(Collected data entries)
= = = =

lemma min_on_unit_sphere_bounds_form:
  assumes v: "(\<Sum>i<K. v i ^ 2) = 1"
    and min: "\<And>u. (\<Sum>i<K. u i ^ 2) = 1 \<Longrightarrow> bilinear_form K A v v \<le> bilinear_form K A u u"
  shows "bilinear_form K A v v * (\<Sum>i<K. u i ^ 2) \<le> bilinear_form K A u u"
proof (cases "\<exists>i<K. u i \<noteq> 0")
  case True
  define r where "r = (\<Sum>i<K. u i ^ 2)"
  have "r > 0" unfolding r_def using sum_even_powers_pos[of 2, OF _ _ True] by simp
  have "(\<Sum>i<K. (u i / sqrt r) ^ 2) = 1"
    using \<open>r > 0\<close> by (simp add: power_divide sum_divide_distrib[symmetric] r_def)
  then have "bilinear_form K A v v \<le> bilinear_form K A (\<lambda>i. (1 / sqrt r) * u i) (\<lambda>i. (1 / sqrt r) * u i)"
    using min by simp
  also have "\<dots> = (1 / sqrt r)\<^sup>2 * bilinear_form K A u u"
    by (rule bilinear_form_scale)
  also have "\<dots> = bilinear_form K A u u / r"
    using \<open>r > 0\<close> by (simp add: power_divide)
  finally show ?thesis using \<open>r > 0\<close> by (simp add: r_def field_simps)
next
  case False
  then have "bilinear_form K A u u = bilinear_form K A (\<lambda>_. 0) (\<lambda>_. 0)"
    by (intro bilinear_form_cong) auto
  with False show ?thesis by (simp add: bilinear_form_def)
qed

text \<open>At a minimiser \<open>v\<close> of the Rayleigh quotient the form of \<open>A - \<mu>I\<close> is positive semidefinite
  and vanishes at \<open>v\<close>, so \<open>v\<close> lies in its radical: \<open>(A - \<mu>I) v = 0\<close>.\<close>

lemma rayleigh_minimizer_eigenvector:
  assumes A_sym: "\<And>i j. A i j = A j i"
    and lower: "\<And>u. \<mu> * (\<Sum>i<K. u i ^ 2) \<le> bilinear_form K A u u"
    and attained: "\<mu> * (\<Sum>i<K. v i ^ 2) = bilinear_form K A v v"
    and "k < K"
  shows "(\<Sum>j<K. A k j * v j) = \<mu> * v k"
proof -
  define A' where "A' i j = A i j - \<mu> * (if i = j then 1 else 0)" for i j
  define e where "e j = (if j = k then 1 else 0 :: real)" for j
  have shift: "bilinear_form K A' u w = bilinear_form K A u w - \<mu> * (\<Sum>i<K. u i * w i)" for u w
    unfolding A'_def by (rule bilinear_form_diag_shift)
  have "A' i j = A' j i" for i j
    unfolding A'_def using A_sym[of i j] by auto
  moreover have "0 \<le> bilinear_form K A' u u" for u
    using lower[of u] by (simp add: shift power2_eq_square)
  moreover have "bilinear_form K A' v v = 0"
    using attained by (simp add: shift power2_eq_square)
  ultimately have "bilinear_form K A' v e = 0"
    by (rule psd_bilinear_form_zero)
  moreover have "bilinear_form K A v e = (\<Sum>j<K. A k j * v j)"
    unfolding e_def bilinear_form_unit_right[OF \<open>k < K\<close>]
    by (rule sum.cong) (simp_all add: A_sym[of _ k])
  moreover have "(\<Sum>i<K. v i * e i) = v k"
    using \<open>k < K\<close> by (simp add: e_def if_distrib cong: if_cong)
  ultimately show ?thesis by (simp add: shift)
qed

= = = =

* [What is needed]:
Please reproduce exactly the lines above, beginning with the first and ending with the line that contains "text \<open>At a", and include nothing outside that range.

* [Response area]:
lemma min_on_unit_sphere_bounds_form:
  assumes v: "(\<Sum>i<K. v i ^ 2) = 1"
    and min: "\<And>u. (\<Sum>i<K. u i ^ 2) = 1 \<Longrightarrow> bilinear_form K A v v \<le> bilinear_form K A u u"
  shows "bilinear_form K A v v * (\<Sum>i<K. u i ^ 2) \<le> bilinear_form K A u u"
proof (cases "\<exists>i<K. u i \<noteq> 0")
  case True
  define r where "r = (\<Sum>i<K. u i ^ 2)"
  have "r > 0" unfolding r_def using sum_even_powers_pos[of 2, OF _ _ True] by simp
  have "(\<Sum>i<K. (u i / sqrt r) ^ 2) = 1"
    using \<open>r > 0\<close> by (simp add: power_divide sum_divide_distrib[symmetric] r_def)
  then have "bilinear_form K A v v \<le> bilinear_form K A (\<lambda>i. (1 / sqrt r) * u i) (\<lambda>i. (1 / sqrt r) * u i)"
    using min by simp
  also have "\<dots> = (1 / sqrt r)\<^sup>2 * bilinear_form K A u u"
    by (rule bilinear_form_scale)
  also have "\<dots> = bilinear_form K A u u / r"
    using \<open>r > 0\<close> by (simp add: power_divide)
  finally show ?thesis using \<open>r > 0\<close> by (simp add: r_def field_simps)
next
  case False
  then have "bilinear_form K A u u = bilinear_form K A (\<lambda>_. 0) (\<lambda>_. 0)"
    by (intro bilinear_form_cong) auto
  with False show ?thesis by (simp add: bilinear_form_def)
qed

text \<open>At a minimiser \<open>v\<close> of the Rayleigh quotient the form of \<open>A - \<mu>I\<close> is positive semidefinite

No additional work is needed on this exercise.